Your goal = Take the line that contains "list) \<Rightarrow> 'h \<Rightarrow> 'h" and all lines after it, up to and including the last line of the data, and write them out exactly; nothing else belongs in the answer.

Collected data entries
##########

(* Let $\Lambda\in\mathcal H$ be of integral type and $\tilde\Lambda\in\mathcal H$ of $\Lambda$-integral type. Consider ${}_{\tilde\Lambda}\mathcal V$ as a right module over the algebra $\mathcal V_{\tilde\Lambda}$ via $x\cdot a=S(\pi(a))x$. Then ${}_{\tilde\Lambda}\mathcal V$ is a cyclic $\mathcal V_{\tilde\Lambda}$-module if and only if $1_{\mathcal H}\in\mathcal V_{\tilde\Lambda}$ and $\mathcal V_{\tilde\Lambda}$ is a Frobenius algebra.
   Context: $k$ is a field; $\mathcal H$ is a Hopf algebra over $k$ with comultiplication $\Delta$, counit $\varepsilon$, invertible antipode $S$, dual $\mathcal H'$. For $\Lambda\in\mathcal H$ put $\mathcal V_\Lambda=\{(\nu\otimes\mathrm{id})\Delta(\Lambda):\nu\in\mathcal H'\}$ and ${}_\Lambda\mathcal V=\{(\mathrm{id}\otimes\nu)\Delta(\Lambda):\nu\in\mathcal H'\}$. A non-zero $\Lambda$ is of integral type if $\Delta(\Lambda)(1\otimes\Lambda)=\Lambda\otimes\Lambda$; for such $\Lambda$, a non-zero $\tilde\Lambda$ is of $\Lambda$-integral type if $\Delta(\tilde\Lambda)(1\otimes\tilde\Lambda)=\Lambda\otimes\tilde\Lambda$. $\mathcal A_{\tilde\Lambda}=\{a\in\mathcal H:\ \Delta(a)(1\otimes\tilde\Lambda)=b\otimes\tilde\Lambda\text{ for some }b\}$; $b$ is unique, denoted $\pi(a)$, and $\pi:\mathcal A_{\tilde\Lambda}\to\mathcal H$ is an injective algebra homomorphism; $\mathcal V_{\tilde\Lambda}$ is a subalgebra of $\mathcal A_{\tilde\Lambda}$. A right module $M$ over an algebra $\mathcal B$ is cyclic if there is $m\in M$ with $m\mathcal B=M$. A finite-dimensional unital algebra $\mathcal B$ is Frobenius if it admits a non-degenerate bilinear form $\sigma$ with $\sigma(ab,c)=\sigma(a,bc)$ for all $a,b,c$ (equivalently, it admits a faithful functional $\omega$, i.e. $\omega(ab)=0$ for all $b$ implies $a=0$). *)

theory Defs
  imports Complex_Main
begin

text \<open>An element of H \<otimes> H is represented by a finite list of simple tensors
  [(x1,y1),...,(xn,yn)] standing for the sum of the xi \<otimes> yi; two such
  representatives denote the same tensor iff they agree under every bilinear form
  H \<times> H \<rightarrow> k (universal property of the tensor product, with target k, which
  separates points of H \<otimes> H over a field).  Similarly for H \<otimes> H \<otimes> H.\<close>

definition bilinear_form :: "('k::field \<Rightarrow> 'h::ring_1 \<Rightarrow> 'h) \<Rightarrow> ('h \<Rightarrow> 'h \<Rightarrow> 'k) \<Rightarrow> bool" where
  "bilinear_form sc B \<longleftrightarrow>
     (\<forall>y. Vector_Spaces.linear sc (*) (\<lambda>x. B x y)) \<and> (\<forall>x. Vector_Spaces.linear sc (*) (B x))"

definition trilinear_form :: "('k::field \<Rightarrow> 'h::ring_1 \<Rightarrow> 'h) \<Rightarrow> ('h \<Rightarrow> 'h \<Rightarrow> 'h \<Rightarrow> 'k) \<Rightarrow> bool" where
  "trilinear_form sc T \<longleftrightarrow>
     (\<forall>y z. Vector_Spaces.linear sc (*) (\<lambda>x. T x y z)) \<and>
     (\<forall>x z. Vector_Spaces.linear sc (*) (\<lambda>y. T x y z)) \<and>
     (\<forall>x y. Vector_Spaces.linear sc (*) (\<lambda>z. T x y z))"

definition tens_eq :: "('k::field \<Rightarrow> 'h::ring_1 \<Rightarrow> 'h) \<Rightarrow> ('h \<times> 'h) list \<Rightarrow> ('h \<times> 'h) list \<Rightarrow> bool" where
  "tens_eq sc t u \<longleftrightarrow>
     (\<forall>B. bilinear_form sc B \<longrightarrow> (\<Sum>(x,y)\<leftarrow>t. B x y) = (\<Sum>(x,y)\<leftarrow>u. B x y))"

definition tens3_eq :: "('k::field \<Rightarrow> 'h::ring_1 \<Rightarrow> 'h) \<Rightarrow> ('h \<times> 'h \<times> 'h) list \<Rightarrow> ('h \<times> 'h \<times> 'h) list \<Rightarrow> bool" where
  "tens3_eq sc t u \<longleftrightarrow>
     (\<forall>T. trilinear_form sc T \<longrightarrow> (\<Sum>(x,y,z)\<leftarrow>t. T x y z) = (\<Sum>(x,y,z)\<leftarrow>u. T x y z))"

definition tens_mult :: "('h::ring_1 \<times> 'h) list \<Rightarrow> ('h \<times> 'h) list \<Rightarrow> ('h \<times> 'h) list" where
  "tens_mult t u = [(x * x', y * y'). (x, y) \<leftarrow> t, (x', y') \<leftarrow> u]"

definition slice_left :: "('k::field \<Rightarrow> 'h::ring_1 \<Rightarrow> 'h) \<Rightarrow> ('h \<Rightarrow> 'k) \<Rightarrow> ('h \<times> 'h) list \<Rightarrow> 'h" where
  "slice_left sc \<nu> t = (\<Sum>(x,y)\<leftarrow>t. sc (\<nu> x) y)"

definition slice_right :: "('k::field \<Rightarrow> 'h::ring_1 \<Rightarrow> 'h) \<Rightarrow> ('h \<Rightarrow> 'k) \<Rightarrow> ('h \<times> 'h) list \<Rightarrow> 'h" where
  "slice_right sc \<nu> t = (\<Sum>(x,y)\<leftarrow>t. sc (\<nu> y) x)"

definition dual_space :: "('k::field \<Rightarrow> 'h::ring_1 \<Rightarrow> 'h) \<Rightarrow> ('h \<Rightarrow> 'k) set" where
  "dual_space sc = {\<nu>. Vector_Spaces.linear sc (*) \<nu>}"

locale hopf_algebra =
  fixes sc :: "'k::field \<Rightarrow> 'h::ring_1 \<Rightarrow> 'h"
    and D :: "'h \<Rightarrow> ('h \<times> 'h) list"
    and eps :: "'h \<Rightarrow> 'k"
    and S :: "'h \<Rightarrow> 'h"
  assumes vs: "vector_space sc"
    and alg_left: "\<And>c a b. sc c (a * b) = sc c a * b"
    and alg_right: "\<And>c a b. sc c (a * b) = a * sc c b"
    and D_add: "\<And>a b. tens_eq sc (D (a + b)) (D a @ D b)"
    and D_scale: "\<And>c a. tens_eq sc (D (sc c a)) (map (\<lambda>(x,y). (sc c x, y)) (D a))"
    and D_mult: "\<And>a b. tens_eq sc (D (a * b)) (tens_mult (D a) (D b))"
    and D_one: "tens_eq sc (D 1) [(1, 1)]"
    and coassoc: "\<And>a. tens3_eq sc
        [(u, v, y). (x, y) \<leftarrow> D a, (u, v) \<leftarrow> D x]
        [(x, u, v). (x, y) \<leftarrow> D a, (u, v) \<leftarrow> D y]"
    and eps_linear: "Vector_Spaces.linear sc (*) eps"
    and counit_left: "\<And>a. (\<Sum>(x,y)\<leftarrow>D a. sc (eps x) y) = a"
    and counit_right: "\<And>a. (\<Sum>(x,y)\<leftarrow>D a. sc (eps y) x) = a"
    and eps_mult: "\<And>a b. eps (a * b) = eps a * eps b"
    and eps_one: "eps 1 = 1"
    and S_linear: "Vector_Spaces.linear sc sc S"
    and antipode_left: "\<And>a. (\<Sum>(x,y)\<leftarrow>D a. S x * y) = sc (eps a) 1"
    and antipode_right: "\<And>a. (\<Sum>(x,y)\<leftarrow>D a. x * S y) = sc (eps a) 1"
    and S_invertible: "bij S"

definition integral_type :: "('k::field \<Rightarrow> 'h::ring_1 \<Rightarrow> 'h) \<Rightarrow> ('h \<Rightarrow> ('h \<times> 'h) list) \<Rightarrow> 'h \<Rightarrow> bool" where
  "integral_type sc D L \<longleftrightarrow> L \<noteq> 0 \<and> tens_eq sc (tens_mult (D L) [(1, L)]) [(L, L)]"

definition Lambda_integral_type ::
  "('k::field \<Rightarrow> 'h::ring_1 \<Rightarrow> 'h) \<Rightarrow> ('h \<Rightarrow> ('h \<times> 'h) list) \<Rightarrow> 'h \<Rightarrow> 'h \<Rightarrow> bool" where
  "Lambda_integral_type sc D L Lt \<longleftrightarrow> Lt \<noteq> 0 \<and> tens_eq sc (tens_mult (D Lt) [(1, Lt)]) [(L, Lt)]"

##########

Answer box =
  "('k::field \<Rightarrow> 'h::ring_1 \<Rightarrow> 'h) \<Rightarrow> ('h \<Rightarrow> ('h \<times> 'h) list) \<Rightarrow> 'h \<Rightarrow> 'h \<Rightarrow> bool" where
  "Lambda_integral_type sc D L Lt \<longleftrightarrow> Lt \<noteq> 0 \<and> tens_eq sc (tens_mult (D Lt) [(1, Lt)]) [(L, Lt)]"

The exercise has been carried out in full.